Question. Assertion (A): The value of \( k \) for which the equation \( kx^2 - 12x + 4 = 0 \) has equal roots, is 9.
Reason (R): The equation \( ax^2 + bx + c = 0, (a \neq 0) \) has equal roots, if \( (b^2 - 4ac) > 0 \).
(a) Both A and R are true and R is the correct explanation of A.
(b) Both A and R are true but R is not the correct explanation of A.
(c) A is true but R is false.
(d) A is false but R is true.
Answer: (c) A is true but R is false.

Question. Assertion (A): \( 2x^2 - 4x + 3 = 0 \) is a quadratic equation.
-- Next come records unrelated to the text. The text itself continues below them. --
lemma lower_prev_convex_ge_of_right_deriv_nonneg:
  fixes X :: "'w \<Rightarrow> real" and \<phi> :: "real \<Rightarrow> real"
  assumes coh: "two_coherent D P" and D: "X \<in> D" "(\<lambda>w. \<phi> (X w)) \<in> D"
    and \<phi>: "convex_on I \<phi>" and X: "range X \<subseteq> I"
    and int: "P X \<in> interior I" and deriv: "right_deriv \<phi> (P X) \<ge> 0"
  shows "\<phi> (P X) \<le> P (\<lambda>w. \<phi> (X w))"
  using X by (intro two_coherent_ge_of_ge_affine[OF coh D(2,1) deriv]
      convex_on_right_deriv_le[OF \<phi> int]) auto

lemma lower_prev_convex_ge_of_left_deriv_nonpos:
  fixes X :: "'w \<Rightarrow> real" and \<phi> :: "real \<Rightarrow> real"
  assumes coh: "two_coherent D P" and D: "(\<lambda>w. - X w) \<in> D" "(\<lambda>w. \<phi> (X w)) \<in> D"
    and \<phi>: "convex_on I \<phi>" and X: "range X \<subseteq> I"
    and int: "upper_prev P X \<in> interior I" and deriv: "left_deriv \<phi> (upper_prev P X) \<le> 0"
  shows "\<phi> (upper_prev P X) \<le> P (\<lambda>w. \<phi> (X w))"
proof (rule two_coherent_ge_of_ge_affine[OF coh D(2,1)])
  show "0 \<le> - left_deriv \<phi> (upper_prev P X)"
    using deriv by simp
  fix w
  have "\<phi> (upper_prev P X) + left_deriv \<phi> (upper_prev P X) * (X w - upper_prev P X) \<le> \<phi> (X w)"
    using X by (intro convex_on_left_deriv_le[OF \<phi> int]) auto
  then show "\<phi> (upper_prev P X) + - left_deriv \<phi> (upper_prev P X) * (- X w - P (\<lambda>w. - X w))
      \<le> \<phi> (X w)"
    by (simp add: upper_prev_def algebra_simps)
qed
Reason (R): All polynomials of degree \( n \), when \( n \) is a whole number can be treated quadratic equation.
(a) Both A and R are true and R is the correct explanation of A.
(b) Both A and R are true but R is not the correct explanation of A.
(c) A is true but R is false.
(d) A is false but R is true.
Answer: (c) A is true but R is false.